Ante un señorito con la pechuga al aire — el señorito de pescadora que aprovecha el calorcito, cuidadosamente, esmeradamente, para presumir de fuerte y enseñarnos los rizos del pecho— y otro señorito con una corbata amarilla con la silueta de Frank Sinatra* unas lentejuelas de auténtica lata superpuestas, nosotros, la verdad, aún no hemos tomado partido. Afortunadamente tampoco se nos ha exigido optar.

¿Por qué, santo Dios, se han perdido aquellas nobles corbatas de pañuelo, aquellas reconfortadoras corbatas enteras, de color granate o azul, que tanto sosiego daban a nuestras conciencias? ¿Dónde están? ¿Qué se ha hecho de ellas? ¿En qué ignotos abismos se han hundido? ¿Qué tristes pozos del olvido se las han tragado?

Uno, lo confiesa sin rubor, no tiene más que una corbata, una corbata para todo, como las criadas baratas, una corbata que somete a los más crudos hielos de la navidad, a los más jolgoriosos chubascos del carnaval, a los más atroces calores del estío.

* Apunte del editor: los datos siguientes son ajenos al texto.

lemma genus_zero_weights_transpose:
  "genus_zero_weights d \<Longrightarrow> genus_zero_weights (\<lambda>i j. d j i)"
  unfolding genus_zero_weights_def by auto

lemma kernel_param_transpose:
  assumes "kernel_param d t x y"
  shows "kernel_param (\<lambda>i j. d j i) t y x"
proof -
  obtain F where F: "finite F" and inj: "inj_on (\<lambda>s. (x s, y s)) (- F)"
    and on_curve: "\<forall>s\<in>- F. kernel d t (x s) (y s) = 0"
    and cover: "finite ({(X, Y). kernel d t X Y = 0} - (\<lambda>s. (x s, y s)) ` (- F))"
    using assms unfolding kernel_param_def by blast
  have "{(X, Y). kernel (\<lambda>i j. d j i) t X Y = 0} - (\<lambda>s. (y s, x s)) ` (- F)
      = prod.swap ` ({(X, Y). kernel d t X Y = 0} - (\<lambda>s. (x s, y s)) ` (- F))"
    \<comment> \<open>Unrestricted, \<open>kernel_transpose\<close> loops: its left side unifies with every \<open>kernel d\<close>.\<close>
    unfolding image_set_diff[OF inj_swap] image_image
    by (auto simp: kernel_transpose[of d] image_def)
  then have "finite ({(X, Y). kernel (\<lambda>i j. d j i) t X Y = 0} - (\<lambda>s. (y s, x s)) ` (- F))"
    using cover by simp
  moreover have "inj_on (\<lambda>s. (y s, x s)) (- F)"
    using inj by (auto simp: inj_on_def)
  ultimately show ?thesis
    using assms F on_curve unfolding kernel_param_def
    by (intro conjI exI[of _ F]) (simp_all add: kernel_transpose[of d])
qed
(* Let $\mu\ge 0$ be an integer and let $\mathcal{F}$ be a $(2\mu+1)$-uniform weak $\Delta$-system. (i) If the intersection size of $\mathcal{F}$ is $\mu+1$ and $|\mathcal{F}|\ge \mu^2+\mu+3$, then $\mathcal{F}$ is a strong $\Delta$-system. (ii) If the intersection size of $\mathcal{F}$ is $\mu$ and $|\mathcal{F}|\ge(\mu+1)^2+\mu+3$, then $\mathcal{F}$ is a strong $\Delta$-system.
   Context: A family $\mathcal{F}=\{S_1,\dots,S_m\}$ of (distinct) finite sets is $h$-uniform if $|S|=h$ for every $S\in\mathcal{F}$. It is a weak $\Delta$-system if there is an integer $\lambda$ (its intersection size) with $|S_i\cap S_j|=\lambda$ for all distinct $S_i,S_j\in\mathcal{F}$. It is a strong $\Delta$-system (sunflower) if there is a set $C$ (the core) with $S_i\cap S_j=C$ for all distinct $S_i,S_j\in\mathcal{F}$. *)

theory Defs
  imports Main
begin

definition uniform_family :: "nat \<Rightarrow> 'a set set \<Rightarrow> bool" where
  "uniform_family h F \<longleftrightarrow> (\<forall>S\<in>F. finite S \<and> card S = h)"

definition weak_delta_system :: "nat \<Rightarrow> 'a set set \<Rightarrow> bool" where
  "weak_delta_system lam F \<longleftrightarrow>
     (\<forall>S\<in>F. \<forall>T\<in>F. S \<noteq> T \<longrightarrow> card (S \<inter> T) = lam)"

definition strong_delta_system :: "'a set set \<Rightarrow> bool" where
  "strong_delta_system F \<longleftrightarrow>
     (\<exists>C. \<forall>S\<in>F. \<forall>T\<in>F. S \<noteq> T \<longrightarrow> S \<inter> T = C)"

end

theory Submission
  imports Defs
begin

(*
  Let F be a k-uniform weak Delta-system with intersection size lam, m = |F| and t = k - lam.
  A variance argument (comparing the members through a point x with the others) shows that
  every point lies in at most t + 1 or in at least m - t - 1 members of F. Replacing each member B
  by its symmetric difference N B with the set H of heavily covered points gives sets that are
  pairwise at distance 2t and cover every point at most t + 1 times. For the excesses
  e B = |N B| - t this means 2 |N B \<inter> N C| = e B + e C, and double counting the points of N B gives
  (m - 2 - 2t) e B + (sum of all e) <= 2t^2. For large m this forces every excess to vanish, so the
  N B are pairwise disjoint, which makes F a sunflower with core H; the only exception
  (m = t^2 + t + 2, one excess -1, all others 1) is excluded by counting the points of H once
  more, using k = 2t - 1.
*)

lemma sum_card_Int_eq_sum_card_mem:
  assumes "finite I" "finite X"
  shows "(\<Sum>i\<in>I. card (S i \<inter> X)) = (\<Sum>y\<in>X. card {i\<in>I. y \<in> S i})"
proof -
  have "(\<Sum>i\<in>I. card (S i \<inter> X)) = (\<Sum>i\<in>I. \<Sum>y\<in>X. of_bool (y \<in> S i))"
    using assms(2) by (simp add: Int_commute Int_def)
  also have "\<dots> = (\<Sum>y\<in>X. \<Sum>i\<in>I. of_bool (y \<in> S i))"
    by (rule sum.swap)
  finally show ?thesis
    using assms(1) by (simp add: Int_def)
qed

lemma card_add_card_eq_card_sym_diff:
  assumes "finite A" "finite B"
  shows "card A + card B = card (sym_diff A B) + 2 * card (A \<inter> B)"
proof -
  have "card (sym_diff A B) = card (A - B) + card (B - A)"
    using assms by (intro card_Un_disjoint) auto
  moreover have "card A = card (A \<inter> B) + card (A - B)" "card B = card (A \<inter> B) + card (B - A)"
    using assms card_Int_Diff by (metis Int_commute)+
  ultimately show ?thesis by simp
qed

lemma le_or_le_if_mult_less:
  fixes c d t :: nat
  assumes "(t + 2)\<^sup>2 \<le> 2 * (c + d)" and "c * d < t * (c + d)"
  shows "c \<le> t + 1 \<or> d \<le> t + 1"
proof (rule ccontr)
  assume "\<not> ?thesis"
  then obtain c' d' where "c = t + 2 + c'" "d = t + 2 + d'"
    by (metis add.commute le_Suc_ex not_less_eq_eq Suc_eq_plus1 add_2_eq_Suc)
  then have "(t + 2) * (c + d) \<le> c * d + (t + 2)\<^sup>2"
    by (simp add: power2_eq_square algebra_simps)
  with assms show False
    by (simp add: algebra_simps)
qed

lemma square_less_sum_squares_if_sum_eq_0:
  fixes f :: "'a \<Rightarrow> 'b :: linordered_idom"
  assumes "finite X" "x \<in> X" "(\<Sum>y\<in>X. f y) = 0" "f x \<noteq> 0"
  shows "(f x)\<^sup>2 < (\<Sum>y\<in>X. (f y)\<^sup>2)"
proof -
  have "(\<Sum>y\<in>X - {x}. f y) \<noteq> 0"
    using sum.remove[OF assms(1,2), of f] assms(3,4) by simp
  then obtain y where "y \<in> X - {x}" "f y \<noteq> 0"
    by (meson sum.neutral)
  then have "0 < (\<Sum>y\<in>X - {x}. (f y)\<^sup>2)"
    using assms(1) by (intro sum_pos2) auto
  then show ?thesis
    using sum.remove[OF assms(1,2), of "\<lambda>y. (f y)\<^sup>2"] by simp
qed

definition degree :: "'a set set \<Rightarrow> 'a \<Rightarrow> nat" where
  "degree P y = card {B\<in>P. y \<in> B}"

lemma sum_degree_mult_degree_eq_sum_card_Int:
  assumes "finite P" "finite Q" "finite X" "\<Union>P \<subseteq> X"
  shows "(\<Sum>y\<in>X. degree P y * degree Q y) = (\<Sum>B\<in>P. \<Sum>C\<in>Q. card (C \<inter> B))"
proof -
  have "(\<Sum>y\<in>X. degree P y * degree Q y) = (\<Sum>y\<in>X. \<Sum>B\<in>P. of_bool (y \<in> B) * degree Q y)"
    using assms(1) by (simp add: degree_def Int_def)
  also have "\<dots> = (\<Sum>B\<in>P. \<Sum>y\<in>X. of_bool (y \<in> B) * degree Q y)"
    by (rule sum.swap)
  also have "\<dots> = (\<Sum>B\<in>P. \<Sum>y\<in>B. degree Q y)"
  proof (rule sum.cong[OF refl])
    fix B
    assume "B \<in> P"
    then have "X \<inter> B = B"
      using assms(4) by blast
    then show "(\<Sum>y\<in>X. of_bool (y \<in> B) * degree Q y) = (\<Sum>y\<in>B. degree Q y)"
      using assms(3) by simp
  qed
  also have "\<dots> = (\<Sum>B\<in>P. \<Sum>C\<in>Q. card (C \<inter> B))"
  proof (rule sum.cong[OF refl])
    fix B
    assume "B \<in> P"
    then have "B \<subseteq> X"
      using assms(4) by blast
    then have "finite B"
      using assms(3) by (rule finite_subset)
    then show "(\<Sum>y\<in>B. degree Q y) = (\<Sum>C\<in>Q. card (C \<inter> B))"
      unfolding degree_def using sum_card_Int_eq_sum_card_mem[OF assms(2), of B "\<lambda>C. C"] by simp
  qed
  finally show ?thesis .
qed

locale equidistant_family =
  fixes I :: "'i set" and N :: "'i \<Rightarrow> 'a set" and t :: nat
  assumes finite_index: "finite I"
    and finite_sets: "i \<in> I \<Longrightarrow> finite (N i)"
    and card_sym_diff: "\<lbrakk>i \<in> I; j \<in> I; i \<noteq> j\<rbrakk> \<Longrightarrow> card (sym_diff (N i) (N j)) = 2 * t"
    and card_containing_le: "card {i\<in>I. y \<in> N i} \<le> t + 1"
begin

definition excess :: "'i \<Rightarrow> int" where
  "excess i = int (card (N i)) - int t"

lemma excess_add:
  assumes "i \<in> I" "j \<in> I" "i \<noteq> j"
  shows "excess i + excess j = 2 * int (card (N i \<inter> N j))"
  using card_add_card_eq_card_sym_diff[OF finite_sets[OF assms(1)] finite_sets[OF assms(2)]]
    card_sym_diff[OF assms] unfolding excess_def by linarith

lemma excess_add_nonneg:
  assumes "i \<in> I" "j \<in> I" "i \<noteq> j"
  shows "0 \<le> excess i + excess j"
  using excess_add[OF assms] by simp

lemma disjoint_if_excess_add_eq_0:
  assumes "i \<in> I" "j \<in> I" "i \<noteq> j" "excess i + excess j = 0"
  shows "N i \<inter> N j = {}"
  using excess_add[OF assms(1-3)] assms(4) finite_sets[OF assms(1)] by simp

lemma excess_bound:
  assumes "i \<in> I"
  shows "(int (card I) - 2 - 2 * int t) * excess i + (\<Sum>j\<in>I. excess j) \<le> 2 * int t ^ 2"
proof -
  have "(\<Sum>j\<in>I. card (N j \<inter> N i)) = (\<Sum>y\<in>N i. card {j\<in>I. y \<in> N j})"
    by (rule sum_card_Int_eq_sum_card_mem[OF finite_index finite_sets[OF assms]])
  also have "\<dots> \<le> (\<Sum>y\<in>N i. t + 1)"
    by (intro sum_mono card_containing_le)
  finally have "(\<Sum>j\<in>I - {i}. card (N j \<inter> N i)) \<le> t * card (N i)"
    using sum.remove[OF finite_index assms, of "\<lambda>j. card (N j \<inter> N i)"] by (simp add: mult.commute)
  then have le: "int (\<Sum>j\<in>I - {i}. card (N j \<inter> N i)) \<le> int t * (excess i + int t)"
    unfolding excess_def by (simp del: of_nat_sum) (metis of_nat_le_iff of_nat_mult)
  have "0 < card I"
    using assms finite_index card_gt_0_iff by blast
  have "2 * int (\<Sum>j\<in>I - {i}. card (N j \<inter> N i)) = (\<Sum>j\<in>I - {i}. excess i + excess j)"
    unfolding of_nat_sum sum_distrib_left
    by (rule sum.cong) (use assms excess_add in \<open>auto simp: Int_commute\<close>)
  also have "\<dots> = (int (card I) - 1) * excess i + ((\<Sum>j\<in>I. excess j) - excess i)"
    using assms finite_index \<open>0 < card I\<close>
    by (simp add: sum.distrib sum_diff1 of_nat_diff algebra_simps)
  finally show ?thesis
    using le by (simp add: algebra_simps power2_eq_square)
qed

lemma ex_excess_nonpos:
  assumes "t^2 + t + 2 \<le> card I"
  shows "\<exists>i\<in>I. excess i \<le> 0"
proof (rule ccontr)
  assume "\<not> ?thesis"
  then have pos: "1 \<le> excess i" if "i \<in> I" for i
    using that by fastforce
  have "int (t^2 + t + 2) \<le> int (card I)"
    using assms by (simp only: of_nat_le_iff)
  then have m: "int t ^ 2 + int t + 2 \<le> int (card I)"
    by simp
  have "2 * t + 2 \<le> card I"
    using assms le_square[of t] unfolding power2_eq_square by linarith
  then have s: "0 \<le> int (card I) - 2 - 2 * int t"
    by linarith
  obtain i where i: "i \<in> I"
    using assms finite_index by fastforce
  have "(\<Sum>j\<in>I. 1) \<le> (\<Sum>j\<in>I. excess j)"
    by (intro sum_mono pos)
  moreover have "int (card I) - 2 - 2 * int t \<le> (int (card I) - 2 - 2 * int t) * excess i"
    using mult_left_mono[OF pos[OF i] s] by simp
  ultimately show False
    using excess_bound[OF i] m by simp
qed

Uno, un día que su corbata empezó a cosechar las patas de gallo [249] de su vejez y a desflecarse por la parte del nudo, se echó a la calle, un poco entristecido, esa es la verdad, en pos de otra corbata para sustituirla. Guardaba por su vieja corbata mucho más respeto que aquel betanceiro* por su vieja mujer, que a sus cincuenta años corrió el riesgo de que su hombre la llevase a la feria de la ciudad a cambiarla por dos mozas de veinticinco. Pero su respeto y su cariño no llegaron a cegarlo hasta el extremo de negarle la evidencia de la vetustez de su corbata. Visitó amigos que le aconsejaran, frecuentó elegantes centros de reunión para inspirarse y recorrió todas las camiserías de que tuvo noticia. Todo fue inútil. Madrid estaba sin corbatas. Entre docenas de miles de corbatas, ni una sola corbata era capaz de sustituir a la corbata vieja. Uno, con el rabo entre piernas, regresó a su casa mustio y cariacontecido y se metió dos días en la cama; el tiempo que tar­daron en el tinte, el instituto de belleza de su corbata, en regenerarla, en alisarla, en devolverle un poco su prestancia, su lozanía y casi, casi su misma apariencia de la juventud.